Mahakala-Mahakali Temple was built around 11th century A.D. and is located at Latitude of- 20 degree 14’ 26" N., Longitude of- 85 degree 50’ 05" E and Elevation of- 71 ft. It is situatedted beyond the eastern compound wall of Lingaraja temple on the right side of the temple road leading to Hatasahi, Old Town, Bhubaneswar, Odisha, India. It is a shrine without a superstructure. The presiding deity is a Siva-lingam within a square yonipitha at a depth of 4.00 m below the present ground level. The shrine with stone walls is open to the sky. Close to the main deity is another small Siva lingam within another yonipitha which is known as Mahakali, while the central lingam is known as Mahakala. .According to the local tradition they are the parents of Lord Lingaraja.

== Physical description ==

=== Surrounding ===
The temple is surrounded by the eastern compound wall of Lingaraja temple on its western side at a distance of 6.00 m and Hatasahi road on its east.

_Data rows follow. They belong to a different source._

(* Let $K$ be an algebraically closed field of characteristic zero and $e_1\in 3+2\mathbb{N}$. Let $S\subset K^3$ be the surface $x_3^2+(x_1^{e_1}-x_2^2)x_1=0$, $S'\subset K^3$ the surface $\alpha^{2e_1}-4\beta\gamma=0$, $\sigma(\alpha,\beta,\gamma)=(-\alpha,\gamma,\beta)$ on $S'$ with $\sigma^*(f)=f\circ\sigma$, and identify $\mathcal{O}(S)$ with a subring of $\mathcal{O}(S')$ via the dominant morphism $F(\alpha,\beta,\gamma)=(\alpha^2,\beta+\gamma,\alpha(\beta-\gamma))$. Then for every $K$-derivation $D$ of $\mathcal{O}(S)$ there exists a unique derivation $D'$ of $\mathcal{O}(S')$ commuting with $\sigma^*$ and coinciding with $D$ on $\mathcal{O}(S)$. Moreover, if $D$ is weighted homogeneous on $S$ then $D'$ is weighted homogeneous on $S'$.
   Context: $S$ is graded by the weights $2,e_1,e_1+1$ on $x_1,x_2,x_3$, and $S'$ by the weights $1,e_1,e_1$ on $\alpha,\beta,\gamma$. A derivation is weighted homogeneous (of degree $r$) if it sends homogeneous elements of degree $m$ to homogeneous elements of degree $m+r$. *)

theory Defs
  imports "HOL-Computational_Algebra.Polynomial"
begin

type_synonym 'a pt3 = "'a \<times> 'a \<times> 'a"

definition fin_supp :: "(nat \<times> nat \<times> nat \<Rightarrow> 'a::zero) \<Rightarrow> bool" where
  "fin_supp c \<longleftrightarrow> finite {k. c k \<noteq> 0}"

definition peval3 :: "(nat \<times> nat \<times> nat \<Rightarrow> 'a::comm_ring_1) \<Rightarrow> 'a pt3 \<Rightarrow> 'a" where
  "peval3 c p = (\<Sum>(i,j,k)\<in>{k. c k \<noteq> 0}. c (i,j,k) * fst p ^ i * fst (snd p) ^ j * snd (snd p) ^ k)"

text \<open>The coordinate ring of a subset S of K^3: polynomial functions restricted to S
  (extended by 0 outside S, so that equal elements are equal as HOL functions).\<close>

definition restr :: "'a pt3 set \<Rightarrow> ('a pt3 \<Rightarrow> 'a::zero) \<Rightarrow> 'a pt3 \<Rightarrow> 'a" where
  "restr S g = (\<lambda>p. if p \<in> S then g p else 0)"

definition coord_ring :: "'a::comm_ring_1 pt3 set \<Rightarrow> ('a pt3 \<Rightarrow> 'a) set" where
  "coord_ring S = {restr S (peval3 c) | c. fin_supp c}"

definition whom :: "'a::comm_ring_1 pt3 set \<Rightarrow> nat \<times> nat \<times> nat \<Rightarrow> int \<Rightarrow> ('a pt3 \<Rightarrow> 'a) \<Rightarrow> bool" where
  "whom S w m f \<longleftrightarrow> (\<exists>c. fin_supp c \<and>
      (\<forall>i j k. c (i,j,k) \<noteq> 0 \<longrightarrow> int (fst w * i + fst (snd w) * j + snd (snd w) * k) = m) \<and>
      f = restr S (peval3 c))"

definition is_derivation :: "'a::comm_ring_1 pt3 set \<Rightarrow> (('a pt3 \<Rightarrow> 'a) \<Rightarrow> ('a pt3 \<Rightarrow> 'a)) \<Rightarrow> bool" where
  "is_derivation S D \<longleftrightarrow>
     (\<forall>f\<in>coord_ring S. D f \<in> coord_ring S) \<and>
     (\<forall>f\<in>coord_ring S. \<forall>g\<in>coord_ring S. D (\<lambda>p. f p + g p) = (\<lambda>p. D f p + D g p)) \<and>
     (\<forall>a. \<forall>f\<in>coord_ring S. D (\<lambda>p. a * f p) = (\<lambda>p. a * D f p)) \<and>
     (\<forall>f\<in>coord_ring S. \<forall>g\<in>coord_ring S. D (\<lambda>p. f p * g p) = (\<lambda>p. f p * D g p + g p * D f p))"

definition whom_derivation :: "'a::comm_ring_1 pt3 set \<Rightarrow> nat \<times> nat \<times> nat \<Rightarrow> (('a pt3 \<Rightarrow> 'a) \<Rightarrow> ('a pt3 \<Rightarrow> 'a)) \<Rightarrow> bool" where
  "whom_derivation S w D \<longleftrightarrow> (\<exists>r::int. \<forall>m f. whom S w m f \<longrightarrow> whom S w (m + r) (D f))"

definition surfS :: "nat \<Rightarrow> 'a::comm_ring_1 pt3 set" where
  "surfS e1 = {(x1,x2,x3). x3^2 + (x1^e1 - x2^2) * x1 = 0}"

definition surfS' :: "nat \<Rightarrow> 'a::comm_ring_1 pt3 set" where
  "surfS' e1 = {(a,b,c). a^(2*e1) - 4*b*c = 0}"

definition sigma :: "'a::comm_ring_1 pt3 \<Rightarrow> 'a pt3" where
  "sigma = (\<lambda>(a,b,c). (-a, c, b))"

definition mapF :: "'a::comm_ring_1 pt3 \<Rightarrow> 'a pt3" where
  "mapF = (\<lambda>(a,b,c). (a^2, b + c, a * (b - c)))"

definition sigma_star :: "nat \<Rightarrow> ('a::comm_ring_1 pt3 \<Rightarrow> 'a) \<Rightarrow> 'a pt3 \<Rightarrow> 'a" where
  "sigma_star e1 f = restr (surfS' e1) (f \<circ> sigma)"

definition F_star :: "nat \<Rightarrow> ('a::comm_ring_1 pt3 \<Rightarrow> 'a) \<Rightarrow> 'a pt3 \<Rightarrow> 'a" where
  "F_star e1 f = restr (surfS' e1) (f \<circ> mapF)"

===Architectural features ===
The temple has no superstructure and the deities are 4.00 m below the present road level which is provided with flight of fifteen steps
down to the sanctum.

===Building techniques===
It is made up of sandstone by dry masonry construction techniques.

==Conservation problem and remedies ==
Since the shrine is 4.00 m down the precinct road level there is no outlet for discharge of offering water and the rain water directly entering into the shrine. In rainy season water stagnates inside the shrine, which is cleared manually.
In the western side of the cella there are seven detached sculptures and architectural members which have been deeply weathered beaten
and eroded. The sculptures are four armed Ganesa, two nayikas, four armed female deity, udyota simha, amlaka etc.